The low and declining profitability is not a cause for worry. This is an inherent feature of internet businesses – high losses in the initial land-grab phase followed by OpLev-led profitability as the business matures. Blinkit’s topline growth and market share are the important metrics, at this stage. Losses could continue for a few more quarters. An upside surprise could be profit-positive interventions by Zepto ahead of its IPO, when it happens.
Zomato’s 17% YoY GOV growth in food delivery for 3QFY25 was underwhelming, but appears to be a one-off from the excess seasonal pressures and the general slowdown in consumer spending. Our macro view is that discretionary consumption will recover in FY26, so this should be a passing phase.
Zomato trades at 7x EV/sales (FY26) and is undervalued compared with peers. We give it credit for its track record of innovation and execution – the management spotted the q-commerce opportunity when few others did. It also fits into two macro themes: the expected rebound in discretionary consumption in 2HCY25, and the greater value capture by digital disruptors in consumer businesses (detailed investment argument on Page 2).
Market update
The brutal correction in the market continues, with renewed FPI selling. This kind of price damage creates its own negativity but there are positive signs. The RBI’s move to reduce risk weights for NBFCs and micro-borrowers is a big positive. This should enable banks and NBFCs to lend more aggressively in retail segments, which would in turn aid the recovery in consumption. Also, the correction has de-frothed valuations, and the Nifty is attractively valued at below 22.5k (19.2x 1YF P/E). Financials is the best trade on the RBI easing, but we see this as an opportunity to lighten positions as valuations are still out of sync with medium-term growth.

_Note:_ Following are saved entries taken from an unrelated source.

(* Let $p$ be a prime and $m\geq 2$ an integer. For real $x$ let $\omega=\frac{x+\sqrt{x^2+4}}{2}$, and let $i=\sqrt{-1}$. (a) If $p=2$ and $2\mid m$, then $\Psi_{2m}(x)=-i^{\varphi(m)}\Psi_m\!\left(i\omega^2-(i\omega^2)^{-1}\right)=-i^{\varphi(m)}\Psi_m(i(x^2+2))$ when $m=2$, and $\Psi_{2m}(x)=i^{\varphi(m)}\Psi_m\!\left(i\omega^2-(i\omega^2)^{-1}\right)=i^{\varphi(m)}\Psi_m(i(x^2+2))$ when $m\geq3$. (b) If $p=2$ and $2\nmid m$, then $\Psi_{2m}(x)=i^{\varphi(m)}\Psi_m\!\left(i\omega-(i\omega)^{-1}\right)=i^{\varphi(m)}\Psi_m\!\left(i\sqrt{x^2+4}\right)$. (c) If $p>2$ and $p\mid m$, then $\Psi_{pm}(x)=\Psi_m(\omega^p-\omega^{-p})=\Psi_m(x\Psi_{2p}(x))$. (d) If $p>2$ and $p\nmid m$, then $\Psi_{pm}(x)=\dfrac{\Psi_m(\omega^p-\omega^{-p})}{\Psi_m(\omega-\omega^{-1})}=\dfrac{\Psi_m(x\Psi_{2p}(x))}{\Psi_m(x)}$.
   Context: The Fibonacci polynomials are defined by $F_1(x)=1$, $F_2(x)=x$, and $F_n(x)=xF_{n-1}(x)+F_{n-2}(x)$ for $n\geq 3$. For $n\geq 2$, the $n$-th fibotomic polynomial $\Psi_n(x)\in\mathbb{Z}[x]$ is the product of the monic irreducible factors of $F_n(x)$ which are not factors of $F_k(x)$ for any $k<n$; also $\Psi_1(x)=1$. Thus $F_n(x)=\prod_{d\mid n}\Psi_d(x)$ for all $n\geq1$. $\varphi$ is Euler's totient function. *)

theory Defs
  imports Complex_Main "HOL-Computational_Algebra.Polynomial" "HOL-Number_Theory.Number_Theory"
begin

fun fibpoly :: "nat \<Rightarrow> int poly" where
  "fibpoly 0 = 0"
| "fibpoly (Suc 0) = 1"
| "fibpoly (Suc (Suc n)) = [:0, 1:] * fibpoly (Suc n) + fibpoly n"

definition fibotomic :: "nat \<Rightarrow> int poly" where
  "fibotomic n = (\<Prod> q \<in> {q :: int poly. lead_coeff q = 1 \<and> irreducible q \<and>
       q dvd fibpoly n \<and> (\<forall>k. 1 \<le> k \<and> k < n \<longrightarrow> \<not> q dvd fibpoly k)}. q)"

definition PsiR :: "nat \<Rightarrow> real \<Rightarrow> real" where
  "PsiR n x = poly (map_poly real_of_int (fibotomic n)) x"

definition PsiC :: "nat \<Rightarrow> complex \<Rightarrow> complex" where
  "PsiC n z = poly (map_poly complex_of_int (fibotomic n)) z"

definition omega :: "real \<Rightarrow> real" where
  "omega x = (x + sqrt (x ^ 2 + 4)) / 2"

end

theory Submission
  imports Defs "HOL-Computational_Algebra.Polynomial_Factorial"
    "HOL-Computational_Algebra.Fundamental_Theorem_Algebra"
begin

text \<open>
  With \<open>w v = -1\<close>, Binet's formula reads \<open>F\<^sub>n(w + v) (w - v) = w\<^sup>n - v\<^sup>n\<close>; taking
  \<open>w = \<i> e\<^sup>i\<^sup>t\<close> shows that the roots of \<open>F\<^sub>n\<close> are the \<open>n - 1\<close> distinct numbers
  \<open>2\<i> cos(k\<pi>/n)\<close>, \<open>0 < k < n\<close>. An irreducible integer polynomial divides every integer
  polynomial with which it shares a complex root, so \<open>\<Psi>\<^sub>n\<close> is the monic polynomial whose
  roots are the primitive ones, \<open>k\<close> coprime to \<open>n\<close>, and it has degree \<open>\<phi>(n)\<close>.

  Each identity of the theorem then compares two polynomials of the same degree that vanish on
  the same \<open>\<phi>\<close>-many primitive roots: the substitution \<open>x \<mapsto> \<i>(x\<^sup>2 + 2)\<close> maps the primitive
  roots of order \<open>2m\<close> to those of order \<open>m\<close>, and \<open>L(x) = x \<Psi>\<^sub>2\<^sub>p(x)\<close>, which satisfies
  \<open>L(w + v) = w\<^sup>p + v\<^sup>p\<close>, maps those of order \<open>pm\<close> (and, when \<open>p\<close> does not divide \<open>m\<close>,
  also those of order \<open>m\<close>) to those of order \<open>m\<close>. For odd \<open>m\<close> the roots of \<open>\<Psi>\<^sub>m\<close> come in
  pairs \<open>\<plusminus>2\<i> cos(k\<pi>/m)\<close>, so \<open>\<Psi>\<^sub>m(y)\<close> is a product of factors \<open>y\<^sup>2 + 4 cos\<^sup>2(k\<pi>/m)\<close>, and
  \<open>k \<mapsto> m - 2k\<close> turns those at \<open>y = \<i>\<surd>(x\<^sup>2 + 4)\<close> into the factors of \<open>\<Psi>\<^sub>2\<^sub>m(x)\<close>. For real \<open>x\<close>
  one takes \<open>w = \<omega>\<close>, \<open>v = -1/\<omega>\<close>.
\<close>

lemma map_poly_of_int_add:
  "map_poly (of_int :: int \<Rightarrow> 'a::comm_ring_1) (p + q) = map_poly of_int p + map_poly of_int q"
  by (rule poly_eqI) (simp add: coeff_map_poly)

Our preferred sectors are Consumer Discretionary, Healthcare, and Telecom.
Read of the week – Taylor Swift!
This HBR analysis of Taylor Swift by Kevin Evers struck a chord at many levels. Evers’s framework of her success can be extended to businesses too. The last two behaviors, in my opinion, also reflect scenarios where most businesses falter and end up conceding leadership: maintaining productive paranoia and adapting to platform shifts. We see this in the two sectors we are structurally UW on – ie banking and staples. Companies shifted focus to productivity and profitability, neglecting innovation and creativity, and are now struggling to adapt to a new post-digital world with more democratized access to consumers.
Midweek Masala – New avatar
Our relaunched weekly has a new format. We will cycle through four themes every week – Idea of the Month (this week), Market HealthCheck, Stock Screeners, and Macrometer. We return to each theme every four weeks. We shall also be highlighting interesting reads and a market update, when necessary. We also have a section on the week’s movers and shakers on the inside pages. We will be publishing every Wednesday, and the data will capture the Wed-Tue cycle.